O projeto será muito útil para viabilizar os objetivos do Brasil Carinhoso, máxime no desafio de prover creches dotadas dos melhores recursos para acolher todos os brasileirinhos e as brasileirinhas, como propôs a presidente em seu discurso. Aprovado pelo Senado, tramita na Câmara dos Deputados. A Presidência da República tem como acelerar a aprovação. Outra iniciativa da SBP refere-se aos cuidados diferenciados de saúde a que a população de crianças e adolescentes faz jus. Desdobra-se em dois PLs, o nº 6687/2009 e o nº 8048/2010, previamente aprovados pelo Senado, em tramitação na Câmara. Definem a assistência pediátrica como direito dos usuários do SUS e dos planos de saúde. Gestores públicos discordam porque, caridosos, entendem que atendimento pediátrico possa ser feito por qualquer profissional.
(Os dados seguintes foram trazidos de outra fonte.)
lemma exchange_twin_if_eq:
  assumes eq: "e = d"
  shows "\<exists>z1. z1 \<noteq> z0 \<and> admissible_exchange T e d A0 V z1
    \<and> exchange_weight n A0 V z1 \<le> exchange_weight n A0 V z0"
proof -
  have weight: "exchange_weight n A0 V z = exchange_weight n A0 V z0" if "z \<in> V" "z \<notin> A0" for z
    by (rule exchange_weight_outside_eq) (use that admissible_z0(1,2) eq in auto)
  obtain a where A0_eq: "A0 = insert a {1..<d-1}" using A0_eq_insert_top[OF eq] .
  have le_insert: "le_cox_image T e (insert z (insert a {1..<d-1}))"
    if "z = d - 1 \<or> z = d \<or> a = d - 1 \<or> a = d" for z
    using that eq dT unfolding le_cox_image_def by auto
  obtain u0 where u0: "u0 \<in> V" "u0 \<noteq> z0" "u0 = d - 1 \<or> u0 = d" by (rule obtain_top_partner)
  show ?thesis
  proof (cases "a = d - 1 \<or> a = d")
    case True
    define u where "u = (if a \<in> V then a else u0)"
    have "a \<noteq> z0" using admissible_z0(2) A0_eq by auto
    then have u: "u \<in> V - {z0}" "u = d - 1 \<or> u = d" using u0 True unfolding u_def by auto
    obtain z1 where z1: "z1 \<in> V" "d - 1 \<le> z1" "z1 \<noteq> z0" "z1 \<noteq> u"
      and leV: "le_cox_image T d (V - {z1})" using obtain_top_third[OF u] .
    have "z1 \<noteq> a" using z1 unfolding u_def by auto
    then have "z1 \<notin> A0" using z1(2) A0_eq by auto
    then show ?thesis using z1 leV le_insert[of z1] True weight[of z1] A0_eq
      unfolding admissible_exchange_def by auto
  next
    case False
    then have "z0 = d - 1 \<or> z0 = d"
      using admissible_z0(3) A0_eq eq dT unfolding le_cox_image_def by auto
    moreover have "{1..<d-1} \<subseteq> V - {u0}"
      using le_cox_image_initial[OF admissible_z0(4)] u0(3) by auto
    ultimately have "le_cox_image T d (V - {u0})"
      using admissible_z0(1) u0(2) dT unfolding le_cox_image_def by auto
    moreover have "u0 \<notin> A0" using u0(3) False A0_eq by auto
    ultimately show ?thesis using u0 le_insert[of u0] weight[of u0] A0_eq
      unfolding admissible_exchange_def by auto
  qed
qed
lemma concat_alternating_blocks:
  "concat (alternating_blocks K n) =
    concat (replicate n (replicate (K - 1) 1 @ 2 # 2 # replicate (K - 1) 1 @ replicate (K - 1) 1 @ 2 # 2 # replicate (K - 1) 1))"
  by (induction n) (simp_all add: alternating_blocks_def)

lemma min_flex_alternating_blocks:
  assumes "2 \<le> L" "2 \<le> W"
  shows "min_flex L W (concat (alternating_blocks (L * W) n)) \<le> 3 * n"
proof -
  let ?r = "replicate (L * W - 1) (1 :: nat)"
  let ?out = "?r @ ?r @ ?r @ 2 # 2 # 2 # 2 # ?r"
  have "flex_solution L W (concat (alternating_blocks (L * W) n)) (concat (replicate n ?out))"
    using flex_periods[OF assms, of n ?r 2 "[]" "[]"]
    by (simp add: flex_solution_def init_state_def final_state_def concat_alternating_blocks)
  then have "min_flex L W (concat (alternating_blocks (L * W) n)) \<le> color_changes (concat (replicate n ?out))"
    unfolding min_flex_def by (blast intro: Least_le)
  moreover have "color_changes ?out \<le> 2"
  proof -
    have out: "?out = replicate (3 * (L * W - 1)) 1 @ replicate 4 2 @ ?r"
      by (simp add: replicate_add[symmetric] numeral_eq_Suc)
    show ?thesis
      unfolding out using color_changes_append_le[of "replicate (3 * (L * W - 1)) (1 :: nat)" "replicate 4 2 @ ?r"]
        color_changes_append_le[of "replicate 4 (2 :: nat)" ?r]
      by simp
  qed
  then have "n * (color_changes ?out + 1) \<le> 3 * n"
    by simp
  then have "color_changes (concat (replicate n ?out)) \<le> 3 * n"
    using color_changes_concat_replicate[of n ?out] by linarith
  ultimately show ?thesis
    by simp
qed
(* Let $q$ be odd with characteristic $p$, and let $n\ge 2$. The number $K(n,q)$ of vectors $x \in \mathbb{F}_q^n$ with $(x,x) = 0$ and $(x,\mathbf{1}) \neq 0$ is \[ K(n,q) = \begin{cases} q^{n-2}(q-1), & p \mid n,\\ q^{n-2}(q-1) - \chi((-1)^{(n-1)/2}n)(q-1)q^{(n-3)/2}, & p\nmid n,\ n\text{ odd},\\ q^{n-2}(q-1) + \chi((-1)^{n/2})(q-1)q^{(n-2)/2}, & p\nmid n,\ n \text{ even}.\end{cases} \]
   Context: $(x,y) = \sum_i x_iy_i$ is the standard inner product, $\mathbf{1}$ the all-ones vector, and $\chi$ the quadratic character of $\mathbb{F}_q$ ($\chi(a)=1$ for nonzero squares, $-1$ for nonsquares, $\chi(0)=0$); $n$ is viewed as an element of $\mathbb{F}_q$ inside $\chi$. *)

theory Defs
  imports Main
begin

definition qchar :: "'a::field \<Rightarrow> int" where
  "qchar a = (if a = 0 then 0 else if (\<exists>b. b * b = a) then 1 else -1)"

definition ip :: "'a::comm_ring list \<Rightarrow> 'a list \<Rightarrow> 'a" where
  "ip xs ys = sum_list (map2 (*) xs ys)"

definition K :: "nat \<Rightarrow> 'a::{finite,field} itself \<Rightarrow> nat" where
  "K n _ = card {xs :: 'a list. length xs = n \<and> ip xs xs = 0 \<and> ip xs (replicate n 1) \<noteq> 0}"

end

(*
  Write N_n(c) for the number of x in F_q^n with (x, x) = c.  Vectors with (x, 1) <> 0 fall
  into classes according to the ratio r = (x, x) / (x, 1).  Scaling x shows that all classes
  with r <> 0 have the same size, and the substitution x = y - 1 identifies the class r = 2,
  together with the vectors with (x, x) = (x, 1) = 0, with the sphere (x, x) = n.  Counting
  all vectors with (x, 1) <> 0 then gives

    q K(n, q) = q^n - q^(n-1) + (q - 1) (N_n(0) - N_n(n)).

  Splitting off two coordinates, and using that u^2 + v^2 takes every nonzero value exactly
  q - chi(-1) times (the norm form of F_q[i] is onto and multiplicative), yields
  N_(n+2)(0) - N_(n+2)(c) = q chi(-1) (N_n(0) - N_n(c)), which is solved explicitly from
  N_0(c) = [c = 0] and N_1(c) = 1 + chi(c).
*)
theory Submission
  imports Defs "HOL-Library.Cardinality" "HOL-Number_Theory.Residues"
begin

lemma qchar_one [simp]: "qchar 1 = 1"
  unfolding qchar_def by (metis mult_1 one_neq_zero)

lemma qchar_mult_square:
  fixes c v :: "'a::field"
  assumes "v \<noteq> 0"
  shows "qchar (c * (v * v)) = qchar c"
proof -
  have "(\<exists>b. b * b = c * (v * v)) \<longleftrightarrow> (\<exists>b. b * b = c)"
  proof
    assume "\<exists>b. b * b = c * (v * v)"
    then obtain b where "b * b = c * (v * v)" by blast
    then have "(b / v) * (b / v) = c" using assms by (simp add: field_simps)
    then show "\<exists>b. b * b = c" by blast
  next
    assume "\<exists>b. b * b = c"
    then obtain b where "b * b = c" by blast
    then have "(b * v) * (b * v) = c * (v * v)" by (simp add: algebra_simps)
    then show "\<exists>b. b * b = c * (v * v)" by blast
  qed
  then show ?thesis using assms by (simp add: qchar_def)
qed

lemma card_eq_mult_card_image:
  assumes "finite A" and "\<And>x. x \<in> A \<Longrightarrow> card {y \<in> A. f y = f x} = k"
  shows "card A = k * card (f ` A)"
proof -
  have "card A = (\<Sum>y\<in>f ` A. card {x \<in> A. f x = y})"
    using sum.image_gen[OF assms(1), of "\<lambda>_. 1::nat" f] by simp
  also have "\<dots> = (\<Sum>y\<in>f ` A. k)"
    by (rule sum.cong) (auto simp: assms(2))
  finally show ?thesis by simp
qed

lemma two_neq_zero_if_odd_card:
  assumes "odd (card (UNIV :: 'a::{finite,field} set))"
  shows "(2::'a) \<noteq> 0"
proof
  assume "(2::'a) = 0"
  then have "CHAR('a) dvd 2"
    using of_nat_eq_0_iff_char_dvd[where 'a='a, of 2] by simp
  moreover have "CHAR('a) \<noteq> 1"
    using of_nat_CHAR[where 'a='a] by auto
  ultimately have "CHAR('a) = 2"
    using prime_nat_iff[of 2] by auto
  then show False
    using CHAR_dvd_CARD[where 'a='a] assms by simp
qed

lemma ip_Nil [simp]: "ip [] ys = 0"
  unfolding ip_def by simp

lemma ip_Cons [simp]: "ip (x # xs) (y # ys) = x * y + ip xs ys"
  unfolding ip_def by simp

lemma ip_replicate_one:
  "length xs = n \<Longrightarrow> ip xs (replicate n (1::'a::comm_ring_1)) = sum_list xs"
  by (induction xs arbitrary: n) auto

lemma ip_map_mult:
  "ip (map ((*) l) xs) (map ((*) l) xs) = l * l * ip xs (xs :: 'a::comm_ring list)"
  by (induction xs) (auto simp: algebra_simps)

lemma ip_map_add_const:
  "ip (map (\<lambda>t. t + c) xs) (map (\<lambda>t. t + c) xs)
     = ip xs xs + 2 * c * sum_list xs + of_nat (length xs) * c * (c :: 'a::comm_ring_1)"
  by (induction xs) (auto simp: algebra_simps)

lemma sum_list_map_add_const:
  "sum_list (map (\<lambda>t. t + c) xs)
     = sum_list xs + of_nat (length xs) * (c :: 'a::comm_ring_1)"
  by (induction xs) (auto simp: algebra_simps)

definition sq_reps :: "nat \<Rightarrow> 'a::{finite,field} \<Rightarrow> int" where
  "sq_reps n c = int (card {xs. length xs = n \<and> ip xs xs = c})"

lemma sq_reps_0: "sq_reps 0 c = of_bool (c = 0)"
proof -
  have "{xs. length xs = 0 \<and> ip xs xs = c} = (if c = 0 then {[]} else {})" by auto
  then show ?thesis unfolding sq_reps_def by simp
qed
lemma ple_minimal_stair_Diff_iff:
  assumes I: "I \<in> order_ideals (stair n)" and x: "(a, b) \<in> stair n"
  shows "ple_minimal (stair n - I) (a, b) \<longleftrightarrow> (a, b) \<notin> I
           \<and> ((a - 1, b) \<in> stair n \<longrightarrow> (a - 1, b) \<in> I)
           \<and> ((a, b - 1) \<in> stair n \<longrightarrow> (a, b - 1) \<in> I)"
    (is "_ \<longleftrightarrow> ?rhs")
proof
  assume min: "ple_minimal (stair n - I) (a, b)"
  have "z \<in> I" if "z \<in> {(a - 1, b), (a, b - 1)}" "z \<in> stair n" for z
  proof (rule ccontr)
    assume "z \<notin> I"
    moreover have "ple z (a, b)" "z \<noteq> (a, b)" using that x by (auto simp: ple_def stair_def)
    ultimately show False using min that(2) by (auto simp: ple_minimal_def)
  qed
  then show ?rhs using min by (auto simp: ple_minimal_def)
next
  assume rhs: ?rhs
  have "y = (a, b)" if y: "y \<in> stair n - I" "ple y (a, b)" for y
  proof (rule ccontr)
    assume "y \<noteq> (a, b)"
    then obtain z where z: "z \<in> {(a - 1, b), (a, b - 1)}" "ple y z"
      using ple_lower_neighbour[OF y(2)] by blast
    then have "z \<in> stair n" using stair_convex[of y n "(a, b)" z] x y by (auto simp: ple_def)
    then have "z \<in> I" using rhs z(1) by auto
    then show False using order_idealsD(2)[OF I _ _ z(2)] y by auto
  qed
  then show "ple_minimal (stair n - I) (a, b)" using rhs x by (auto simp: ple_minimal_def)
qed

lemma ple_maximal_stair_iff:
  assumes I: "I \<in> order_ideals (stair n)"
  shows "ple_maximal I (a, b) \<longleftrightarrow> (a, b) \<in> I \<and> (a + 1, b) \<notin> I \<and> (a, b + 1) \<notin> I"
    (is "_ \<longleftrightarrow> ?rhs")
proof
  assume "ple_maximal I (a, b)"
  then show ?rhs by (auto simp: ple_maximal_def ple_def)
next
  assume rhs: ?rhs
  have "y = (a, b)" if y: "y \<in> I" "ple (a, b) y" for y
  proof (rule ccontr)
    assume "y \<noteq> (a, b)"
    then obtain z where z: "z \<in> {(a + 1, b), (a, b + 1)}" "ple z y"
      using ple_upper_neighbour[OF y(2)] by blast
    have "(a, b) \<in> stair n" "y \<in> stair n" using rhs y order_idealsD(1)[OF I] by auto
    then have "z \<in> stair n" using stair_convex[of "(a, b)" n y z] z by (auto simp: ple_def)
    then have "z \<in> I" using order_idealsD(2)[OF I y(1) _ z(2)] by blast
    then show False using rhs z(1) by auto
  qed
  then show "ple_maximal I (a, b)" using rhs by (auto simp: ple_maximal_def)
qed

lemma toggle_stair:
  assumes "I \<in> order_ideals (stair n)" "(a, b) \<in> stair n"
  shows "toggle (stair n) (a, b) I =
    (if (a, b) \<notin> I \<and> ((a - 1, b) \<in> stair n \<longrightarrow> (a - 1, b) \<in> I)
        \<and> ((a, b - 1) \<in> stair n \<longrightarrow> (a, b - 1) \<in> I) then 1 else 0)
    - (if (a, b) \<in> I \<and> (a + 1, b) \<notin> I \<and> (a, b + 1) \<notin> I then 1 else 0)"
  using assms by (simp add: toggle_eq ple_minimal_stair_Diff_iff ple_maximal_stair_iff)

definition toggle_coeff :: "nat \<Rightarrow> nat \<times> nat \<Rightarrow> real" where
  "toggle_coeff n x = (if even (rk n x) then - 1 / 2 else 0)"

context
  fixes n i j :: nat and I :: "(nat \<times> nat) set"
  assumes ideal: "I \<in> order_ideals (stair n)" and maximal: "ple_maximal I (i, j)"
begin

lemma maximal_in_stair: "(i, j) \<in> stair n"
  using ideal maximal by (auto simp: ple_maximal_def dest: order_idealsD)

lemma ideal_Diff_maximal: "I - {(i, j)} \<in> order_ideals (stair n)"
  using order_ideals_Diff_maximal[OF ideal maximal] .

lemma toggle_change_far:
  assumes "x \<in> stair n" "x \<notin> {(i, j), (i - 1, j), (i, j + 1), (i, j - 1), (i + 1, j)}"
  shows "toggle_change (stair n) I (i, j) x = 0"
proof -
  obtain a b where x: "x = (a, b)" by (cases x)
  have "(a, b) \<noteq> (i, j)" "(a - 1, b) \<noteq> (i, j)" "(a, b - 1) \<noteq> (i, j)"
    "(a + 1, b) \<noteq> (i, j)" "(a, b + 1) \<noteq> (i, j)"
    using assms maximal_in_stair unfolding x by (auto simp: stair_def)
  then show ?thesis
    using assms(1) unfolding x
    by (simp add: toggle_change_def toggle_stair[OF ideal] toggle_stair[OF ideal_Diff_maximal])
qed

lemma sum_toggle_change_eq_sum_neighbours:
  "(\<Sum>x\<in>stair n. w x * toggle_change (stair n) I (i, j) x)
     = (\<Sum>x\<in>{(i, j), (i - 1, j), (i, j + 1), (i, j - 1), (i + 1, j)}.
          w x * toggle_change (stair n) I (i, j) x)"
  using toggle_change_far toggle_change_outside[OF order_idealsD(1)[OF ideal]]
  by (intro sum.mono_neutral_cong) (auto simp: finite_stair)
Para os filhos dos outros, claro. Não para os seus.
Dilma parece ser a presidente carinhosa para a pediatria brasileira. Tem tudo para sê-la. Inclusive filha e neto. A dificuldade são os escalões intermediários do seu governo. Preferem excluir o pediatra das políticas públicas. Rejeitam propostas de melhor capacitação para quem cuida da infância e da adolescência. Fazem de conta que não se opõem e pensam que enganam. As mães não hesitam. Segundo pesquisa do Datafolha em 2007, 97% querem seus filhos atendidos por pediatra e 70% quando as crianças estejam sadias, não doentes. É a sabedoria da prevenção qualificada que o gestor caridoso não possui. Só o carinhoso.
Presidente Dilma e SBP pensam igual. Falta um encontro para consolidar a união. O pedido está feito.